Goal of the exercise
From the data below, return all lines holding the string "lambda".

::: Records to use

text \<open>If \<open>y\<close> agrees with \<^term>\<open>wh (Suc N) m\<close> before position \<open>k\<close>, then no value above
  \<^term>\<open>wh (Suc N) m k\<close> is left for \<open>y k\<close>.\<close>

lemma wh_larger_value_earlier:
  assumes k: "1 \<le> k" "k \<le> Suc N" and m: "m \<le> N"
    and v: "wh (Suc N) m k < v" "v \<le> Suc N" and top: "k \<le> m \<longrightarrow> v \<noteq> Suc N"
  shows "\<exists>a. 1 \<le> a \<and> a < k \<and> wh (Suc N) m a = v"
proof -
  consider (before) "k \<le> m" | (at) "k = Suc m" | (after) "Suc m < k" by linarith
  then show ?thesis
  proof cases
    case before
    with k v top show ?thesis by (intro exI[of _ "Suc N - v"]) (auto simp: wh_def)
  next
    case at
    with k v show ?thesis by (simp add: wh_def)
  next
    case after
    consider (top) "v = Suc N" | (high) "Suc N - m \<le> v" "v \<noteq> Suc N" | (low) "v < Suc N - m"
      by linarith
    then show ?thesis
    proof cases
      case top
      with after m show ?thesis by (intro exI[of _ "Suc m"]) (simp add: wh_def)
    next
      case high
      with after v show ?thesis by (intro exI[of _ "Suc N - v"]) (auto simp: wh_def)
    next
      case low
      with after k v show ?thesis by (intro exI[of _ "Suc (Suc N) - v"]) (auto simp: wh_def)
    qed
  qed
qed
definition pose_mult :: "pose \<Rightarrow> pose \<Rightarrow> pose" where
  "pose_mult T1 T2 = (fst T1 ** fst T2, fst T1 *v snd T2 + snd T1)"

definition pose_inv :: "pose \<Rightarrow> pose" where
  "pose_inv T = (transpose (fst T), - (transpose (fst T) *v snd T))"

definition pose_apply :: "pose \<Rightarrow> real^3 \<Rightarrow> real^3" where
  "pose_apply T x = fst T *v x + snd T"

definition pose_id :: pose where
  "pose_id = (mat 1, 0)"

definition SOg2 :: "real^3 \<Rightarrow> (real^3^3) set" where
  "SOg2 g = {R. rotation_matrix R \<and> R *v g = g}"

text \<open>One-parameter subgroups of a subgroup H: continuous homomorphisms
  gamma : R -> H; these are exactly the curves lambda |-> exp(lambda A), A in Lie(H).\<close>
definition one_param_subgroup ::
  "('s \<Rightarrow> 's \<Rightarrow> 's) \<Rightarrow> 's set \<Rightarrow> (real \<Rightarrow> 's::topological_space) \<Rightarrow> bool" where
  "one_param_subgroup gmult H \<gamma> \<longleftrightarrow>
     (\<forall>t. \<gamma> t \<in> H) \<and> (\<forall>a b. \<gamma> (a + b) = gmult (\<gamma> a) (\<gamma> b)) \<and> continuous_on UNIV \<gamma>"

text \<open>The push-forward of a tangent vector under
  the (ambient, smooth) map act s is its Frechet derivative.\<close>
definition inf_invariant ::
  "('x::real_normed_vector \<Rightarrow> 'u \<Rightarrow> 'x) \<Rightarrow> 'i set \<Rightarrow> ('i \<Rightarrow> 'x \<Rightarrow> real) \<Rightarrow>
   ('s::topological_space \<Rightarrow> 'x \<Rightarrow> 'x) \<Rightarrow> ('s \<Rightarrow> 's \<Rightarrow> 's) \<Rightarrow> 's set \<Rightarrow> 'x set \<Rightarrow> 'x \<Rightarrow> bool" where
  "inf_invariant f I h act gmult H G x0 \<longleftrightarrow>
     (\<forall>s\<in>H. \<forall>x\<in>G. \<forall>u. \<exists>D. (act s has_derivative D) (at x) \<and> D (f x u) = f (act s x) u) \<and>
     (\<forall>\<gamma>. one_param_subgroup gmult H \<gamma> \<longrightarrow>
        (\<forall>i\<in>I. ((\<lambda>t. h i (act (\<gamma> t) x0)) has_real_derivative 0) (at 0)))"

text \<open>State: IMU pose, IMU velocity, cloned camera poses (index type 'c),
  landmark positions (index type 'f).\<close>
type_synonym ('c, 'f) gvio_state = "pose \<times> (real^3) \<times> (pose^'c) \<times> ((real^3)^'f)"

definition gvio_states :: "('c::finite, 'f::finite) gvio_state set" where
  "gvio_states = {(Ti, v, Tc, pf). Ti \<in> SE3 \<and> (\<forall>m. Tc $ m \<in> SE3)}"

definition gvio_f :: "real^3 \<Rightarrow> ('c::finite, 'f::finite) gvio_state \<Rightarrow> (real^3) \<times> (real^3)
    \<Rightarrow> ('c, 'f) gvio_state" where
  "gvio_f g x u = (case x of (Ti, v, Tc, pf) \<Rightarrow> case u of (\<omega>, a) \<Rightarrow>
     ((fst Ti ** skew \<omega>, fst Ti *v (transpose (fst Ti) *v v)),
      fst Ti *v a + g, 0, 0))"

definition gvio_act :: "pose \<Rightarrow> ('c::finite, 'f::finite) gvio_state \<Rightarrow> ('c, 'f) gvio_state" where
  "gvio_act S x = (case x of (Ti, v, Tc, pf) \<Rightarrow>
     (pose_mult (pose_inv S) Ti, transpose (fst S) *v v,
      (\<chi> m. pose_mult (pose_inv S) (Tc $ m)), (\<chi> j. pose_apply (pose_inv S) (pf $ j))))"

definition proj :: "real^3 \<Rightarrow> real \<times> real" where
  "proj x = (x$1 / x$3, x$2 / x$3)"

datatype ('c, 'f) gvio_obs = VisX 'c 'f | VisY 'c 'f | PR nat nat | Dop nat nat

definition gvio_obs_set :: "nat \<Rightarrow> ('c, 'f) gvio_obs set" where
  "gvio_obs_set N = range (\<lambda>(m, j). VisX m j) \<union> range (\<lambda>(m, j). VisY m j)
     \<union> {PR k l | k l. k \<in> {1..N} \<and> l \<in> {1..N}} \<union> {Dop k l | k l. k \<in> {1..N} \<and> l \<in> {1..N}}"

text \<open>T_w^ECEF = (RE, pE); psat k: satellite positions in ECEF; n k: the (constant)
  unit vectors used in the Doppler model.\<close>
definition gvio_h :: "real^3^3 \<Rightarrow> real^3 \<Rightarrow> (nat \<Rightarrow> real^3) \<Rightarrow> (nat \<Rightarrow> real^3) \<Rightarrow>
    ('c, 'f) gvio_obs \<Rightarrow> ('c::finite, 'f::finite) gvio_state \<Rightarrow> real" where
  "gvio_h RE pE psat n ob x = (case x of (Ti, v, Tc, pf) \<Rightarrow> (case ob of
      VisX m j \<Rightarrow> fst (proj (pose_apply (pose_inv (Tc $ m)) (pf $ j)))
    | VisY m j \<Rightarrow> snd (proj (pose_apply (pose_inv (Tc $ m)) (pf $ j)))
    | PR k l \<Rightarrow> norm (pose_apply (RE, pE) (snd Ti) - psat k)
                - norm (pose_apply (RE, pE) (snd Ti) - psat l)
    | Dop k l \<Rightarrow> - (n k \<bullet> (RE *v v)) + n l \<bullet> (RE *v v)))"

definition null_Ng :: "real^3^3 \<Rightarrow> (nat \<Rightarrow> real^3) \<Rightarrow> nat \<Rightarrow> (real^3) set" where
  "null_Ng RE n N = {t. \<forall>j\<in>{2..N}. (n j - n (j - 1)) \<bullet> (RE *v t) = 0}"

definition SOg2_semidir_null :: "real^3 \<Rightarrow> (real^3) set \<Rightarrow> pose set" where
  "SOg2_semidir_null g V = {(R, p). R \<in> SOg2 g \<and> p \<in> V}"

definition translation_group :: "(real^3) set \<Rightarrow> pose set" where
  "translation_group V = {(mat 1, p) | p. p \<in> V}"

end

theory Submission
  imports Defs
begin

(*
  The candidate group H is a subgroup of SO_g(2) x| null(N_g).  Every element (R, p) of
  it acts on the state affinely, with linear part "multiply by R^T", and this commutes
  with the process model precisely because R fixes the gravity vector.

  For the observations, differentiate along a continuous one-parameter subgroup
  t |-> (R t, p t).  Such a subgroup is automatically differentiable: R t is a window
  integral of R times a fixed inverse matrix, the integral of R over a short interval
  being invertible, and p is then handled in the same way.  Its generator (Omega, b)
  has b in null(N_g), and Omega is a multiple of the skew matrix of g, since R t fixes g
  (Omega = 0 for pure translations).  The visual measurements are invariant under every
  rigid motion.  To first order the IMU position and velocity move by -(Omega p_i + b)
  and -Omega v_i, both in null(N_g) by hypothesis.  A range difference
  |X - p_k| - |X - p_l| changes along X' by (n_l - n_k)^T RE X', and so does the
  Doppler difference along the velocity.  Both vanish on null(N_g), which is exactly
  the joint kernel of the rows (n_j - n_(j-1))^T RE.
*)

section \<open>Regularity of continuous one-parameter subgroups\<close>

lemma bounded_linear_matrix_vector_mult_left: "bounded_linear (\<lambda>A::real^'n^'m. A *v x)"
proof -
  have "linear (\<lambda>A::real^'n^'m. A *v x)"
    by (rule linearI)
      (simp_all add: vec_eq_iff matrix_vector_mult_def sum.distrib sum_distrib_left algebra_simps)
  then show ?thesis by (simp add: linear_conv_bounded_linear)
qed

::::::

Written solution
  gamma : R -> H; these are exactly the curves lambda |-> exp(lambda A), A in Lie(H).\<close>
        (\<forall>i\<in>I. ((\<lambda>t. h i (act (\<gamma> t) x0)) has_real_derivative 0) (at 0)))"
  "gvio_obs_set N = range (\<lambda>(m, j). VisX m j) \<union> range (\<lambda>(m, j). VisY m j)
lemma bounded_linear_matrix_vector_mult_left: "bounded_linear (\<lambda>A::real^'n^'m. A *v x)"
  have "linear (\<lambda>A::real^'n^'m. A *v x)"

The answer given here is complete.